### What to work on
Of all the lines in the entries below, give again exactly those starting at the line containing "define g where" and ending at the line containing "(use x \<open>finite", both ends included, and no others.

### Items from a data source
☆ ☆ ☆ ☆

theorem corollary5p8:
  fixes sc :: "'r::field \<Rightarrow> 'v::ab_group_add \<Rightarrow> 'v"
    and C :: "nat \<Rightarrow> nat \<Rightarrow> 'v set"
    and d d21 d10 d01 :: "'v \<Rightarrow> 'v"
  assumes "bigraded_complex sc C d d21 d10 d01"
  shows "quot_sum_iso sc (Bd C d 3) {0}
           [(Bd C d 3 \<inter> C 3 0, {0}), (Bcal C d 3 1 \<inter> C 2 1, {0}),
            (Bcal C d 3 2 \<inter> C 1 2, {0}), (B0 C d01 3, {0})]
       \<and> quot_sum_iso sc (Zd C d 3) {0}
           [(ZN C d d21 d01 0 3, {0}), (ker_varrho C d d21 d10 d01 3, {0}),
            (Zcal C d d21 d01 3 2 \<inter> C 1 2, {0}), (Zcal C d d21 d01 3 3, {0})]
       \<and> quot_sum_iso sc (Zd C d 3) (Bd C d 3)
           [(ZN C d d21 d01 0 3, Bd C d 3 \<inter> C 3 0),
            (ker_varrho C d d21 d10 d01 3, Bcal C d 3 1 \<inter> C 2 1),
            (Zcal C d d21 d01 3 2 \<inter> C 1 2, Bcal C d 3 2 \<inter> C 1 2),
            (Zcal C d d21 d01 3 3, B0 C d01 3)]"
proof -
  interpret bigraded_cochain_complex sc C d d21 d10 d01
    by (fact bigraded_cochain_complex.intro[OF assms])
  have upt: "[0..<4] = [0, 1, 2, 3 :: nat]"
    by (simp add: upt_rec)
  have index_arith: "(3::nat) - 0 = 3" "(3::nat) - 1 = 2" "(3::nat) - 2 = 1" "(3::nat) - 3 = 0"
    "Suc 0 = 1" "Suc 1 = 2" "Suc 2 = 3" "Suc 3 = 4"
    by simp_all
  have zero: "{0} \<inter> Bd C d 3 = {0}" "{0} \<inter> Zd C d 3 = {0}" "{0} \<inter> cocycles_below 3 q = {0}"
    "{0} \<inter> (Bd C d 3 \<inter> cocycles_below 3 q) = {0}" "(\<lambda>z. comp C z i j) ` {0} = {0}" for q i j
    using V.subspace_0[OF Bd_subspace] V.subspace_0[OF cocycles_below_subspace]
      V.subspace_0[OF Zd_subspace] by auto
  have "Bd C d 3 \<inter> Zd C d 3 = Bd C d 3" using Bd_subset_Zd by blast
  then show ?thesis
    using quot_sum_iso_column_filtration[OF Bd_subspace V.subspace_single_0, of 3 3]
      quot_sum_iso_column_filtration[OF V.subspace_UNIV V.subspace_single_0, of 3]
      quot_sum_iso_column_filtration[OF V.subspace_UNIV Bd_subspace, of 3 3]
    by (simp only: upt list.map index_arith zero Int_UNIV_left
      cocycle_pieces_degree_3 boundary_pieces_degree_3)
qed
lemma maximizer_imp_kkt_point:
  assumes "finite V"
    and der: "\<And>i x. i \<in> V \<Longrightarrow> 0 \<le> x \<Longrightarrow> (p i has_real_derivative u i x) (at x within {0..})"
    and x: "x \<in> strategy_simplex V \<rho>"
    and max: "\<And>y. y \<in> strategy_simplex V \<rho> \<Longrightarrow> welfare V p y \<le> welfare V p x"
  shows "kkt_point V u \<rho> x"
  unfolding kkt_point_def
proof (intro conjI ballI x)
  fix i j assume i: "i \<in> support_on V x" and "j \<in> V"
  then have "i \<in> V" and "0 < x i"
    using strategy_simplex_nonneg[OF x, of i] by (auto simp: support_on_def)
  show "u j (x j) \<le> u i (x i)"
  proof (rule ccontr)
    assume "\<not> u j (x j) \<le> u i (x i)"
    then have "i \<noteq> j" by auto
    define g where "g t = p i (x i + t * -1) + p j (x j + t * 1)" for t
    have welfare_transfer:
      "welfare V p (x(i := x i - t, j := x j + t)) = welfare V p x - g 0 + g t" for t
      using sum_fun_upd_two[OF \<open>finite V\<close> \<open>i \<in> V\<close> \<open>j \<in> V\<close> \<open>i \<noteq> j\<close>, of "\<lambda>k r. p k r - p k 0"]
      by (simp add: welfare_def g_def)
    have "(g has_real_derivative u i (x i) * -1 + u j (x j) * 1) (at 0 within {0..x i})"
      unfolding g_def
      by (intro DERIV_add DERIV_compose_affine[where A = "{0..}"])
         (use der[OF \<open>i \<in> V\<close>] der[OF \<open>j \<in> V\<close>] strategy_simplex_nonneg[OF x] in auto)
    moreover have "0 < u i (x i) * -1 + u j (x j) * 1"
      using \<open>\<not> u j (x j) \<le> u i (x i)\<close> by simp
    ultimately obtain d where "d > 0"
      and inc: "\<forall>h>0. 0 + h \<in> {0..x i} \<longrightarrow> h < d \<longrightarrow> g 0 < g (0 + h)"
      by (blast dest: has_real_derivative_pos_inc_right)
    define h where "h = min (d / 2) (x i)"
    have "0 < h" "h < d" "h \<le> x i" using \<open>d > 0\<close> \<open>0 < x i\<close> by (auto simp: h_def)
    then have "welfare V p x < welfare V p (x(i := x i - h, j := x j + h))"
      using inc welfare_transfer[of h] by auto
    moreover have "x(i := x i - h, j := x j + h) \<in> strategy_simplex V \<rho>"
      by (rule strategy_simplex_transfer)
         (use x \<open>finite V\<close> \<open>i \<in> V\<close> \<open>j \<in> V\<close> \<open>i \<noteq> j\<close> \<open>0 < h\<close> \<open>h \<le> x i\<close> in auto)
    ultimately show False using max by fastforce
  qed
qed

☆ ☆ ☆ ☆

### Exercise solution
    define g where "g t = p i (x i + t * -1) + p j (x j + t * 1)" for t
    have welfare_transfer:
      "welfare V p (x(i := x i - t, j := x j + t)) = welfare V p x - g 0 + g t" for t
      using sum_fun_upd_two[OF \<open>finite V\<close> \<open>i \<in> V\<close> \<open>j \<in> V\<close> \<open>i \<noteq> j\<close>, of "\<lambda>k r. p k r - p k 0"]
      by (simp add: welfare_def g_def)
    have "(g has_real_derivative u i (x i) * -1 + u j (x j) * 1) (at 0 within {0..x i})"
      unfolding g_def
      by (intro DERIV_add DERIV_compose_affine[where A = "{0..}"])
         (use der[OF \<open>i \<in> V\<close>] der[OF \<open>j \<in> V\<close>] strategy_simplex_nonneg[OF x] in auto)
    moreover have "0 < u i (x i) * -1 + u j (x j) * 1"
      using \<open>\<not> u j (x j) \<le> u i (x i)\<close> by simp
    ultimately obtain d where "d > 0"
      and inc: "\<forall>h>0. 0 + h \<in> {0..x i} \<longrightarrow> h < d \<longrightarrow> g 0 < g (0 + h)"
      by (blast dest: has_real_derivative_pos_inc_right)
    define h where "h = min (d / 2) (x i)"
    have "0 < h" "h < d" "h \<le> x i" using \<open>d > 0\<close> \<open>0 < x i\<close> by (auto simp: h_def)
    then have "welfare V p x < welfare V p (x(i := x i - h, j := x j + h))"
      using inc welfare_transfer[of h] by auto
    moreover have "x(i := x i - h, j := x j + h) \<in> strategy_simplex V \<rho>"
      by (rule strategy_simplex_transfer)
         (use x \<open>finite V\<close> \<open>i \<in> V\<close> \<open>j \<in> V\<close> \<open>i \<noteq> j\<close> \<open>0 < h\<close> \<open>h \<le> x i\<close> in auto)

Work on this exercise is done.